Before heading out for Metropolitan Natural Park in Panama City this morning, it is a good idea to see what butterflies can be found in the windows of the Canopy Tower, as some of the crepuscular butterflies enter the tower during dawn and dusk and sit on the windows around the dining room. Common Phanus, Split-banded and Narrow-banded owl-butterflies, Tricolored Metalmark, White-patched Emesis, White-posted Metalmark and Cramer’s Satyr often find themselves inside the Tower, a great opportunity to see these butterflies up close!

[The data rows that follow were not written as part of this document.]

lemma int_isometry_in_IsomZ:
  assumes "int_isometry A"
  shows "(mat_map A :: 'a::field_char_0 m2 \<Rightarrow> 'a m2) \<in> IsomZ"
proof -
  obtain B where AB: "mmul A B = I3" and BA: "mmul B A = I3" and pres: "gram_preserving A"
    using assms by (auto simp: int_isometry_def invertible3_def)
  have "isometry (mat_map A :: 'a m2 \<Rightarrow> 'a m2)"
    using assms mat_map_Bij mat_map_linear
    by (auto simp: isometry_def int_isometry_def sl2_eq_range trform_sl2_of gram_preserving_gram[OF pres])
  moreover have "mat_map A ` Lat = (Lat :: 'a m2 set)"
  proof
    show "mat_map A ` Lat \<subseteq> (Lat :: 'a m2 set)"
      by (auto simp: Lat_eq mvec_of_int_vec)
    show "(Lat :: 'a m2 set) \<subseteq> mat_map A ` Lat"
    proof
      fix X :: "'a m2" assume "X \<in> Lat"
      then obtain s where X: "X = sl2_of (of_int_vec s)" by (auto simp: Lat_eq)
      then have "X = mat_map A (sl2_of (of_int_vec (mvec B s)))"
        by (simp add: mvec_of_int_vec mvec_mmul[symmetric] AB)
      moreover have "sl2_of (of_int_vec (mvec B s)) \<in> (Lat :: 'a m2 set)" by (simp add: Lat_eq)
      ultimately show "X \<in> mat_map A ` Lat" by blast
    qed
  qed
  ultimately show ?thesis by (simp add: IsomZ_def)
qed

lemma IsomZ_is_mat_map:
  assumes f: "(f :: 'a::field_char_0 m2 \<Rightarrow> 'a m2) \<in> IsomZ"
  obtains A where "gram_preserving A" and "f = mat_map A"
proof -
  have iso: "isometry f" and fL: "f ` Lat = Lat" using f by (auto simp: IsomZ_def)
  have "f (sl2_of (of_int_vec s)) \<in> Lat" for s
    using fL by (auto simp: Lat_eq)
  then have "\<exists>c. f (sl2_of (of_int_vec s)) = sl2_of (of_int_vec c)" for s
    by (auto simp: Lat_eq)
  then obtain col where col: "\<And>s. f (sl2_of (of_int_vec s)) = sl2_of (of_int_vec (col s))"
    by metis
  define A where "A = cols (col (V3 1 0 0)) (col (V3 0 1 0)) (col (V3 0 0 1))"
  have fA: "f = mat_map A"
    unfolding A_def using iso col[of "V3 1 0 0"] col[of "V3 0 1 0"] col[of "V3 0 0 1"]
    by (intro linear_integral_is_mat_map) (simp_all add: isometry_def Bij_def basis_sl2_of)
  have "(of_int (gram (mvec A s) (mvec A t)) :: 'a) = of_int (gram s t)" for s t
  proof -
    have "trform (f (sl2_of (of_int_vec s))) (f (sl2_of (of_int_vec t)))
        = trform (sl2_of (of_int_vec s)) (sl2_of (of_int_vec t) :: 'a m2)"
      using iso by (simp add: isometry_def)
    then show ?thesis by (simp add: fA trform_sl2_of gram_of_int_vec mvec_of_int_vec)
  qed
  then have "gram_preserving A" by (simp add: gram_preserving_def)
  then show thesis using fA by (rule that)
qed

lemma mat_map_carrier:
  "invertible3 A \<Longrightarrow> (mat_map A :: 'a::field_char_0 m2 \<Rightarrow> 'a m2) \<in> carrier (BijGroup sl2)"
  by (simp add: BijGroup_def mat_map_Bij)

The drier forests and open areas of Metro Park offer species like Tiger Mimic-Queen, Hermes Satyr, Tropical Buckeye, Erato Longwing, Emerald-patched Cattleheart, Great White Longtail, Stigma Skipper, Uzza and Thamyra satyrs, Polydamas Swallowtail, Blue-gray Satyr, Lasus Metalmark, Statira Sulphur, Panna Skipper, Tropical Checkered-Skipper, Whitened Crescent and Brown, Plain and Great White longtails are just some of the butterflies we will look for today. The park offers a variety of habitats to explore, so our list here could be extensive! We will head back to the Tower for lunch. LUNCH at CANOPY TOWER.

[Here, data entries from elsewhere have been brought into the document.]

lemma meets_C0_only_at_imp_tangent_square:
  assumes meets: "meets_C0_only_at Q q" and q: "q \<noteq> (0, 0, 0)" "qform C0 q = 0"
  obtains m where "\<And>p. qform C0 p = 0 \<Longrightarrow> qform Q p = m * (lform (tangent_C0 q) p)^2"
proof -
  obtain a0 b0 where q_param: "q = C0_param a0 b0" using q C0_param_surj by (cases q) metis
  have a0b0: "(a0, b0) \<noteq> (0, 0)" using q q_param by (auto simp: C0_param_eq_0_iff)
  have roots: "a*b0 = a0*b" if "qform Q (C0_param a b) = 0" "(a, b) \<noteq> (0, 0)" for a b
  proof -
    have "C0_param a b \<noteq> (0, 0, 0)" using that by (simp add: C0_param_eq_0_iff)
    then have "pt_eq q (C0_param a b)"
      using meets that(1) qform_C0_param unfolding meets_C0_only_at_def by blast
    then have "(b0*a - a0*b)^2 = 0"
      using C0_inter_tangent_C0 q lform_tangent_C0_param q_param \<open>C0_param a b \<noteq> (0, 0, 0)\<close> by metis
    then show ?thesis by (simp add: mult.commute)
  qed
  have "qform Q q = 0" using meets q pt_eq_refl unfolding meets_C0_only_at_def by blast
  then obtain e where e: "\<And>a b. qform Q (C0_param a b) = e * (a0*b - b0*a)^4"
    using binary_form_with_single_root[where g = "\<lambda>a b. qform Q (C0_param a b)", of 4 a0 b0]
      qform_C0_param_scale qform_C0_param_along_line roots a0b0 q_param by auto
  show ?thesis
  proof (rule that[of e])
    fix p assume "qform C0 p = 0"
    then obtain a b where "p = C0_param a b" using C0_param_surj by (cases p) metis
    moreover have "(a0*b - b0*a)^4 = ((b0*a - a0*b)^2)^2" by algebra
    ultimately show "qform Q p = e * (lform (tangent_C0 q) p)^2"
      by (simp add: e q_param lform_tangent_C0_param)
  qed
qed

lemma qform_vanishing_on_C0:
  assumes van: "\<And>p. qform C0 p = 0 \<Longrightarrow> qform (a, b, c, d, e, f) p = 0"
  shows "b = a \<and> c = -2*a \<and> d = 0 \<and> e = 0 \<and> f = 0"
proof -
  have "a+b+c+d+e+f = 0" "a+b+c+d-e-f = 0" "a+b+c-d+e-f = 0" "a+b+c-d-e+f = 0" "a-b+d*\<i> = 0"
    using van[of "(1,1,1)"] van[of "(1,1,-1)"] van[of "(1,-1,1)"] van[of "(-1,1,1)"] van[of "(1,\<i>,0)"]
    by (simp_all add: qform_def C0_def power2_eq_square)
  then show ?thesis by algebra
qed

lemma tangent_square_imp_meets_C0_only_at:
  assumes q: "q \<noteq> (0, 0, 0)" "qform C0 q = 0" and "m \<noteq> 0"
    and on_C0: "\<And>p. qform C0 p = 0 \<Longrightarrow> qform Q p = m * (lform (tangent_C0 q) p)^2"
  shows "meets_C0_only_at Q q"
  unfolding meets_C0_only_at_def
proof (intro allI impI)
  fix p :: pt assume "p \<noteq> (0, 0, 0)"
  then show "(qform Q p = 0 \<and> qform C0 p = 0) \<longleftrightarrow> pt_eq q p"
    using C0_inter_tangent_C0[OF q \<open>p \<noteq> (0, 0, 0)\<close>] on_C0[of p] \<open>m \<noteq> 0\<close> by auto
qed

lemma qform_on_H0: "qform (A, B, C, D, E, F) (x, y, y) = A*x^2 + (D + E)*x*y + (B + C + F)*y^2"
  unfolding qform_def by (simp add: power2_eq_square algebra_simps)

lemma meets_H0_exactly_at_proportional:
  assumes "meets_H0_exactly_at Q r"
    and "(x1, y1, y1) \<noteq> (0, 0, 0)" "qform Q (x1, y1, y1) = 0"
    and "(x2, y2, y2) \<noteq> (0, 0, 0)" "qform Q (x2, y2, y2) = 0"
  shows "x1*y2 = x2*y1"
proof -
  obtain r1 r2 r3 where r: "r = (r1, r2, r3)" by (cases r)
  from assms have "pt_eq r (x1, y1, y1)" "pt_eq r (x2, y2, y2)"
    unfolding meets_H0_exactly_at_def by auto
  then obtain t1 t2 where "x1 = t1*r1" "y1 = t1*r2" "x2 = t2*r1" "y2 = t2*r2"
    unfolding pt_eq_def r by auto
  then show ?thesis by (simp add: algebra_simps)
qed

lemma meets_H0_exactly_at_not_contains_H0:
  assumes "meets_H0_exactly_at Q r"
  shows "\<not> contains_H0 Q"
proof
  assume "contains_H0 Q"
  then have "qform Q (1, 0, 0) = 0" "qform Q (0, 1, 1) = 0" unfolding contains_H0_def by auto
  then have "(1::complex)*1 = 0*0" using meets_H0_exactly_at_proportional[OF assms, of 1 0 0 1] by simp
  then show False by simp
qed

lemma meets_H0_exactly_at_discriminant:
  assumes meets: "meets_H0_exactly_at (A, B, C, D, E, F) r"
  shows "(D + E)^2 = 4*A*(B + C + F)"
proof (rule ccontr)
  define a b c where "a = A" and "b = D + E" and "c = B + C + F"
  assume "(D + E)^2 \<noteq> 4*A*(B + C + F)"
  then have disc: "b^2 - 4*a*c \<noteq> 0" by (simp add: a_def b_def c_def)
  have on_H0: "qform (A, B, C, D, E, F) (x, y, y) = a*x^2 + b*x*y + c*y^2" for x y
    unfolding a_def b_def c_def by (rule qform_on_H0)
  show False
  proof (cases "a = 0")
    case True
    then have "b \<noteq> 0" using disc by simp
    have "1*b = (-c)*0"
      by (rule meets_H0_exactly_at_proportional[OF meets]) (auto simp: on_H0 True \<open>b \<noteq> 0\<close> power2_eq_square)
    then show False using \<open>b \<noteq> 0\<close> by simp
  next
    case False
    define s where "s = csqrt (b^2 - 4*a*c)"
    have root: "qform (A, B, C, D, E, F) ((-b + k)/(2*a), 1, 1) = 0" if "k^2 = b^2 - 4*a*c" for k
      unfolding on_H0 using False that by (simp add: field_simps power2_eq_square) algebra
    have "qform (A, B, C, D, E, F) ((-b + s)/(2*a), 1, 1) = 0"
      and "qform (A, B, C, D, E, F) ((-b + -s)/(2*a), 1, 1) = 0"
      by (rule root, simp add: s_def)+
    then have "(-b + s)/(2*a) * 1 = (-b + -s)/(2*a) * 1"
      by (intro meets_H0_exactly_at_proportional[OF meets]) simp_all
    then have "s = 0" using False by (simp add: field_simps)
    then show False using disc s_def by simp
  qed
qed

PM: Old Gamboa Road & Summit Ponds (5 minutes from Canopy Tower)

This afternoon we are off to Old Gamboa Road! This is the original road that extended to Gamboa; once a passageway for traffic, now it is a wide footpath, grown over by tall grasses bordering open areas and surrounded by patches of forest and wetlands. It is a great place to search for Dimorphic Skipper, Golden White, Togarna Hairstreak, Molina and Lucianus metalmarks, Green, Hecale and Melpomene longwings, Whitened and Orange-patched crescents, Banded and White peacocks, Stub-tailed Morpho, Golden-snouted Sootywing, Two-eyed Eighty-Eight, Dusky Owl-Butterfly, Polymnia Tigerwing, Hermes and Plain satyrs, Great White Longtail, Trailside Skipper and much more. After a grand afternoon of butterflying, we will return to the tower in time to freshen up for dinner. DINNER AT CANOPY TOWER.


Day 8
Departure

After a satisfying breakfast at the Canopy Tower, we can scan the canopy one final time for any butterflies we have missed and those we enjoy seeing daily, before saying “adios” and heading to the airport to catch our return flights home. The tour officially ends after breakfast.

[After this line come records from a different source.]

lemma padic_cong_0_mono:
  assumes "prime p" "N \<le> M" "padic_cong p M x 0"
  shows "padic_cong p N x 0"
proof -
  have p: "p > 0" using assms(1) by (rule prime_gt_0_nat)
  have "(of_nat p ^ M :: rat) = of_nat p ^ N * of_nat p ^ (M - N)"
    using assms(2) by (simp flip: power_add)
  then have eq: "x / of_nat p ^ N = x / of_nat p ^ M * of_nat (p ^ (M - N))"
    using p by (simp add: field_simps)
  from assms(3) have "p_integral p (x / of_nat p ^ M)" by (simp add: padic_cong_0_iff p)
  from p_integral_mult[OF assms(1) this p_integral_of_nat[OF assms(1)]]
  show ?thesis unfolding padic_cong_0_iff[OF p] eq .
qed

lemma padic_cong_0_prime_power:
  "prime p \<Longrightarrow> p_integral p y \<Longrightarrow> padic_cong p N (of_nat p ^ N * y) 0"
  by (simp add: padic_cong_0_iff prime_gt_0_nat)

lemma padic_cong_0_fraction:
  assumes "int p ^ N dvd a" "\<not> int p dvd d"
  shows "padic_cong p N (of_int a / of_int d) 0"
proof -
  obtain k where "a = int p ^ N * k" using assms(1) by (rule dvdE)
  then show ?thesis unfolding padic_cong_def using assms(2) by (intro exI[of _ k] exI[of _ d]) simp
qed

lemma padic_cong_mult_p_integral:
  assumes "prime p" "padic_cong p N x y" "p_integral p z"
  shows "padic_cong p N (z * x) (z * y)"
proof -
  have "padic_cong p N ((x - y) * z) 0"
    using assms padic_cong_iff_diff by (blast intro: padic_cong_0_mult_p_integral)
  then show ?thesis using padic_cong_iff_diff by (metis mult.commute right_diff_distrib)
qed

definition p_integral_poly :: "nat \<Rightarrow> rat poly \<Rightarrow> bool" where
  "p_integral_poly p q \<longleftrightarrow> (\<forall>i. p_integral p (coeff q i))"

lemma p_integral_poly_mult:
  "prime p \<Longrightarrow> p_integral_poly p q \<Longrightarrow> p_integral_poly p r \<Longrightarrow> p_integral_poly p (q * r)"
  unfolding p_integral_poly_def coeff_mult by (auto intro!: p_integral_sum p_integral_mult)

lemma p_integral_poly_1: "prime p \<Longrightarrow> p_integral_poly p 1"
  unfolding p_integral_poly_def by (simp add: coeff_1 p_integral_0 p_integral_1)

lemma p_integral_poly_prod:
  "prime p \<Longrightarrow> (\<And>i. i \<in> A \<Longrightarrow> p_integral_poly p (f i)) \<Longrightarrow> p_integral_poly p (\<Prod>i\<in>A. f i)"
  by (induction A rule: infinite_finite_induct)
     (auto intro: p_integral_poly_mult p_integral_poly_1)

lemma p_integral_poly_power: "prime p \<Longrightarrow> p_integral_poly p q \<Longrightarrow> p_integral_poly p (q ^ m)"
  using p_integral_poly_prod[of p "{..<m}" "\<lambda>_. q"] by simp

lemma p_integral_poly_linear: "prime p \<Longrightarrow> p_integral p a \<Longrightarrow> p_integral_poly p [:1, a:]"
  unfolding p_integral_poly_def
  by (simp add: coeff_pCons p_integral_0 p_integral_1 split: nat.split)

lemma p_integral_poly_diff:
  "prime p \<Longrightarrow> p_integral_poly p q \<Longrightarrow> p_integral_poly p r \<Longrightarrow> p_integral_poly p (q - r)"
  unfolding p_integral_poly_def by (auto intro: p_integral_diff)

text \<open>At \<open>x = p\<^sup>h\<close> the first possibly nonzero term \<open>q\<^sub>n x\<^sup>n\<close> gains one extra factor \<open>p\<close>
  from \<open>q\<^sub>n\<close>; all later terms already carry \<open>p\<^bsup>h(n+1)\<^esup>\<close>.\<close>
lemma padic_cong_poly_prime_power:
  assumes p: "prime p" and "h > 0" and q: "p_integral_poly p q"
    and low: "\<And>i. i < n \<Longrightarrow> coeff q i = 0" and lead: "padic_cong p 1 (coeff q n) 0"
  shows "padic_cong p (h * n + 1) (poly q (of_nat p ^ h)) 0"
proof -
  have "padic_cong p (h * n + 1) (coeff q i * (of_nat p ^ h) ^ i) 0" for i
  proof (cases i n rule: linorder_cases)
    case less
    then show ?thesis using low padic_cong_refl[OF p] by simp
  next
    case equal
    have "padic_cong p (1 + h * n) (coeff q n * (of_nat p ^ (h * n) * 1)) 0"
      using p lead by (intro padic_cong_0_mult padic_cong_0_prime_power p_integral_1)
    then show ?thesis using equal by (simp add: power_mult)
  next
    case greater
    have "padic_cong p (h * i) (of_nat p ^ (h * i) * coeff q i) 0"
      using p q by (intro padic_cong_0_prime_power) (simp_all add: p_integral_poly_def)
    moreover have "h * n + 1 \<le> h * i"
      using greater \<open>h > 0\<close> mult_le_mono2[of "n + 1" i h] by simp
    ultimately show ?thesis using padic_cong_0_mono[OF p] by (simp add: power_mult mult.commute)
  qed
  then show ?thesis unfolding poly_altdef by (intro padic_cong_0_sum p)
qed

section \<open>Logarithmic derivatives\<close>

definition fps_logderiv :: "rat fps \<Rightarrow> rat fps" where
  "fps_logderiv f = fps_deriv f * inverse f"

lemma fps_logderiv_mult:
  assumes "f $ 0 \<noteq> 0" "g $ 0 \<noteq> 0"
  shows "fps_logderiv (f * g) = fps_logderiv f + fps_logderiv g"
proof -
  have "f * inverse f = 1" "g * inverse g = 1" using assms by (auto intro: inverse_mult_eq_1')
  moreover have "(f * fps_deriv g + fps_deriv f * g) * (inverse f * inverse g)
     = fps_deriv g * inverse g * (f * inverse f) + fps_deriv f * inverse f * (g * inverse g)"
    by (simp add: algebra_simps)
  ultimately show ?thesis unfolding fps_logderiv_def by (simp add: fps_inverse_mult)
qed

lemma fps_logderiv_power:
  assumes "f $ 0 \<noteq> 0"
  shows "fps_logderiv (f ^ m) = fps_const (of_nat m) * fps_logderiv f"
proof (induction m)
  case 0
  then show ?case by (simp add: fps_logderiv_def)
next
  case (Suc m)
  have "fps_logderiv (f ^ Suc m) = fps_logderiv f + fps_logderiv (f ^ m)"
    using assms by (simp add: fps_logderiv_mult fps_power_zeroth)
  then show ?case using Suc by (simp add: algebra_simps fps_const_add[symmetric])
qed

lemma fps_prod_nth_0: "(\<Prod>i\<in>A. f i) $ 0 = (\<Prod>i\<in>A. f i $ 0 :: 'a :: comm_ring_1)"
  by (induction A rule: infinite_finite_induct) auto

lemma fps_logderiv_prod:
  assumes "finite A" "\<And>i. i \<in> A \<Longrightarrow> f i $ 0 = 1"
  shows "fps_logderiv (\<Prod>i\<in>A. f i) = (\<Sum>i\<in>A. fps_logderiv (f i))"
  using assms
proof (induction A rule: finite_induct)
  case (insert x F)
  have "(\<Prod>i\<in>F. f i) $ 0 = 1"
    using insert by (simp add: fps_prod_nth_0)
  then show ?case using insert by (simp add: fps_logderiv_mult)
qed (simp add: fps_logderiv_def)

lemma fps_logderiv_inverse:
  assumes "f $ 0 \<noteq> 0"
  shows "fps_logderiv (inverse f) = - fps_logderiv f"
proof -
  have "f * inverse f = 1" using assms by (auto intro: inverse_mult_eq_1')
  moreover have "- fps_deriv f * (inverse f)\<^sup>2 * f = - fps_deriv f * inverse f * (f * inverse f)"
    by (simp add: power2_eq_square algebra_simps)
  ultimately show ?thesis unfolding fps_logderiv_def using assms by (simp add: fps_inverse_deriv)
qed

lemma fps_logderiv_linear_nth:
  "fps_logderiv (1 + fps_const a * fps_X) $ m = a * (- a) ^ m"
proof -
  have "inverse (1 + fps_const a * fps_X) = Abs_fps (\<lambda>m. (- a) ^ m)"
  proof (rule fps_inverse_unique, rule fps_ext)
    fix n
    show "((1 + fps_const a * fps_X) * Abs_fps (\<lambda>m. (- a) ^ m)) $ n = (1 :: rat fps) $ n"
      by (cases n) (simp_all add: algebra_simps)
  qed
  then show ?thesis unfolding fps_logderiv_def by simp
qed

lemma fps_deriv_eq_mult_nth:
  fixes Q D :: "rat fps"
  assumes deriv: "fps_deriv Q = Q * D" and "Q $ 0 = 1" and "n > 0"
    and D: "\<And>m. m + 1 < n \<Longrightarrow> D $ m = 0"
  shows "\<And>k. 0 < k \<Longrightarrow> k < n \<Longrightarrow> Q $ k = 0" and "Q $ n = D $ (n - 1) / of_nat n"
proof -
  have step: "of_nat k * Q $ k = D $ (k - 1)"
    if "0 < k" "\<And>l. 0 < l \<Longrightarrow> l < k \<Longrightarrow> Q $ l = 0" for k
  proof -
    have "(Q * D) $ (k - 1) = (\<Sum>i\<in>{0}. Q $ i * D $ (k - 1 - i))"
      unfolding fps_mult_nth using that by (intro sum.mono_neutral_right) auto
    moreover have "fps_deriv Q $ (k - 1) = of_nat k * Q $ k" using that(1) by simp
    ultimately show ?thesis using deriv \<open>Q $ 0 = 1\<close> by simp
  qed
  show low: "Q $ k = 0" if "0 < k" "k < n" for k
    using that
  proof (induction k rule: less_induct)
    case (less k)
    then have "of_nat k * Q $ k = 0" using step[of k] D[of "k - 1"] by simp
    then show ?case using less by simp
  qed
  have "of_nat n * Q $ n = D $ (n - 1)" using step[of n] low \<open>n > 0\<close> by simp
  then show "Q $ n = D $ (n - 1) / of_nat n" using \<open>n > 0\<close> by (simp add: field_simps)
qed

lemma fps_const_nat_parts_diff:
  "fps_const (of_nat (nat x)) * f - fps_const (of_nat (nat (- x))) * f = fps_const (of_int x) * (f :: rat fps)"
proof (cases "x \<ge> 0")
  case True
  then have "nat (- x) = 0" "of_nat (nat x) = (of_int x :: rat)" by simp_all
  then show ?thesis by simp
next
  case False
  then have "nat x = 0" "of_nat (nat (- x)) = - (of_int x :: rat)" by simp_all
  then show ?thesis by (simp flip: fps_const_neg)
qed

lemma fps_logderiv_linear_powers_nth:
  fixes a :: "'a \<Rightarrow> rat" and e :: "'a \<Rightarrow> int"
  defines "L t \<equiv> 1 + fps_const (a t) * fps_X"
  assumes "finite F"
  shows "fps_logderiv ((\<Prod>t\<in>F. L t ^ nat (e t)) * inverse (\<Prod>t\<in>F. L t ^ nat (- e t))) $ m
    = (- 1) ^ m * (\<Sum>t\<in>F. of_int (e t) * a t ^ (m + 1))"
proof -
  have L0: "L t $ 0 = 1" "(L t ^ k) $ 0 = 1" for t k by (simp_all add: L_def fps_power_zeroth)
  then have "fps_logderiv ((\<Prod>t\<in>F. L t ^ nat (e t)) * inverse (\<Prod>t\<in>F. L t ^ nat (- e t)))
      = (\<Sum>t\<in>F. fps_const (of_nat (nat (e t))) * fps_logderiv (L t)
          - fps_const (of_nat (nat (- e t))) * fps_logderiv (L t))"
    using assms(2) by (simp add: fps_prod_nth_0 fps_logderiv_mult fps_logderiv_inverse
        fps_logderiv_prod fps_logderiv_power sum_subtractf)
  also have "\<dots> = (\<Sum>t\<in>F. fps_const (of_int (e t)) * fps_logderiv (L t))"
    by (simp add: fps_const_nat_parts_diff)
  finally have D: "fps_logderiv ((\<Prod>t\<in>F. L t ^ nat (e t)) * inverse (\<Prod>t\<in>F. L t ^ nat (- e t)))
      = (\<Sum>t\<in>F. fps_const (of_int (e t)) * fps_logderiv (L t))" .
  have summand: "of_int (e t) * (a t * (- a t) ^ m) = (- 1) ^ m * (of_int (e t) * a t ^ (m + 1))"
    for t by (simp only: power_minus[of "a t"] power_add power_one_right mult_ac)
  show ?thesis unfolding D
    by (simp only: fps_sum_nth fps_mult_left_const_nth L_def fps_logderiv_linear_nth summand
        sum_distrib_left)
qed

lemma fps_diff_nth_eq_quotient_nth:
  fixes f g :: "'a :: field fps"
  assumes "g $ 0 = 1" and low: "\<And>i. i < n \<Longrightarrow> (f * inverse g - 1) $ i = 0"
  shows "\<And>k. k < n \<Longrightarrow> (f - g) $ k = 0" and "(f - g) $ n = (f * inverse g - 1) $ n"
proof -
  have "inverse g * g = 1" using assms(1) by (simp add: inverse_mult_eq_1)
  then have "f - g = (f * inverse g - 1) * g" by (simp add: algebra_simps mult.assoc)
  then have coeff: "(f - g) $ k = (\<Sum>i = 0..k. (f * inverse g - 1) $ i * g $ (k - i))" for k
    by (simp only: fps_mult_nth)
  show "(f - g) $ k = 0" if "k < n" for k
    unfolding coeff using that low by (intro sum.neutral) simp
  have "(f - g) $ n = (\<Sum>i\<in>{n}. (f * inverse g - 1) $ i * g $ (n - i))"
    unfolding coeff using low by (intro sum.mono_neutral_right) auto
  then show "(f - g) $ n = (f * inverse g - 1) $ n" using assms(1) by simp
qed

text \<open>\<open>A - B\<close> is the numerator of \<open>Q - 1\<close> for \<open>Q = \<Prod> (1 + a\<^sub>t X)\<^bsup>e\<^sub>t\<^esup> = A / B\<close>, and the
  logarithmic derivative \<open>D\<close> of \<open>Q\<close> has the power sums \<open>\<Sum> e\<^sub>t a\<^sub>t\<^sup>m\<close> as coefficients (up to sign);
  \<open>Q' = Q D\<close> then determines the first nonzero coefficient of \<open>Q - 1\<close>.\<close>
lemma coeff_prod_linear_powers_diff:
  fixes F :: "'a set" and a :: "'a \<Rightarrow> rat" and e :: "'a \<Rightarrow> int"
  defines "A \<equiv> \<Prod>t\<in>F. [:1, a t:] ^ nat (e t)" and "B \<equiv> \<Prod>t\<in>F. [:1, a t:] ^ nat (- e t)"
  assumes fin: "finite F" and n: "n > 0"
    and moments: "\<And>m. 0 < m \<Longrightarrow> m < n \<Longrightarrow> (\<Sum>t\<in>F. of_int (e t) * a t ^ m) = 0"
  shows "\<And>k. k < n \<Longrightarrow> coeff (A - B) k = 0"
    and "coeff (A - B) n = (- 1) ^ (n - 1) * (\<Sum>t\<in>F. of_int (e t) * a t ^ n) / of_nat n"
proof -
  define L where "L t = 1 + fps_const (a t) * fps_X" for t
  have A: "fps_of_poly A = (\<Prod>t\<in>F. L t ^ nat (e t))"
    and B: "fps_of_poly B = (\<Prod>t\<in>F. L t ^ nat (- e t))"
    unfolding A_def B_def L_def by (simp_all add: fps_of_poly_prod fps_of_poly_power fps_of_poly_linear')
  have B0: "fps_of_poly B $ 0 = 1" unfolding B by (simp add: fps_prod_nth_0 L_def fps_power_zeroth)
  define Q where "Q = fps_of_poly A * inverse (fps_of_poly B)"
  define D where "D = fps_logderiv Q"
  have Q0: "Q $ 0 = 1" unfolding Q_def A using B0 by (simp add: fps_prod_nth_0 L_def fps_power_zeroth)
  have D_nth: "D $ m = (- 1) ^ m * (\<Sum>t\<in>F. of_int (e t) * a t ^ (m + 1))" for m
    unfolding D_def Q_def A B L_def by (rule fps_logderiv_linear_powers_nth[OF fin])
  have "Q * inverse Q = 1" using Q0 by (auto intro: inverse_mult_eq_1')
  moreover have "Q * (fps_deriv Q * inverse Q) = fps_deriv Q * (Q * inverse Q)" by (simp only: mult_ac)
  ultimately have "fps_deriv Q = Q * D" unfolding D_def fps_logderiv_def by simp
  moreover have "D $ m = 0" if "m + 1 < n" for m
    using moments[of "m + 1"] that by (simp add: D_nth)
  ultimately have Q_low: "\<And>k. 0 < k \<Longrightarrow> k < n \<Longrightarrow> Q $ k = 0"
    and Q_n: "Q $ n = D $ (n - 1) / of_nat n"
    using fps_deriv_eq_mult_nth[of Q D n, OF _ Q0 n] by simp_all
  have Q1_low: "(Q - 1) $ i = 0" if "i < n" for i
    using Q0 Q_low[of i] that by (cases "i = 0") simp_all
  note AB = fps_diff_nth_eq_quotient_nth[of "fps_of_poly B" n "fps_of_poly A", folded Q_def]
  show "coeff (A - B) k = 0" if "k < n" for k
    using AB(1) B0 Q1_low that by simp
  show "coeff (A - B) n = (- 1) ^ (n - 1) * (\<Sum>t\<in>F. of_int (e t) * a t ^ n) / of_nat n"
    using AB(2) B0 Q1_low Q_n n by (simp add: D_nth)
qed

If you are joining us for Butterflies of Canopy Camp Darien, we will depart after an early breakfast to head to Canopy Camp!
 

Please note that this itinerary may change without prior notice due to weather, alterations in habitat or other conditions.

Banded Owl-Butterfly
Banded Owl-Butterfly (Caligo atreus)
Jenn SinasacTino Sanchez

Meet Our Guides

This tour will be led by Canopy Lodge guide Tino Sanchez and Canopy Family biologist Linda Harrison. Tino has been photographing and learning the butterflies around the Canopy Family lodges for several years now. His knowledge and love for butterflies is obvious. Linda had studied butterflies in Florida for 20 years prior to moving permanently to Panama in 2011. Since then, she has feverishly been learning the butterflies of Panama - along with the plants associated - and, with Tino, are perfect complements to each other in the field. Tino and Linda look forward to sharing the butterflies of Panama with you!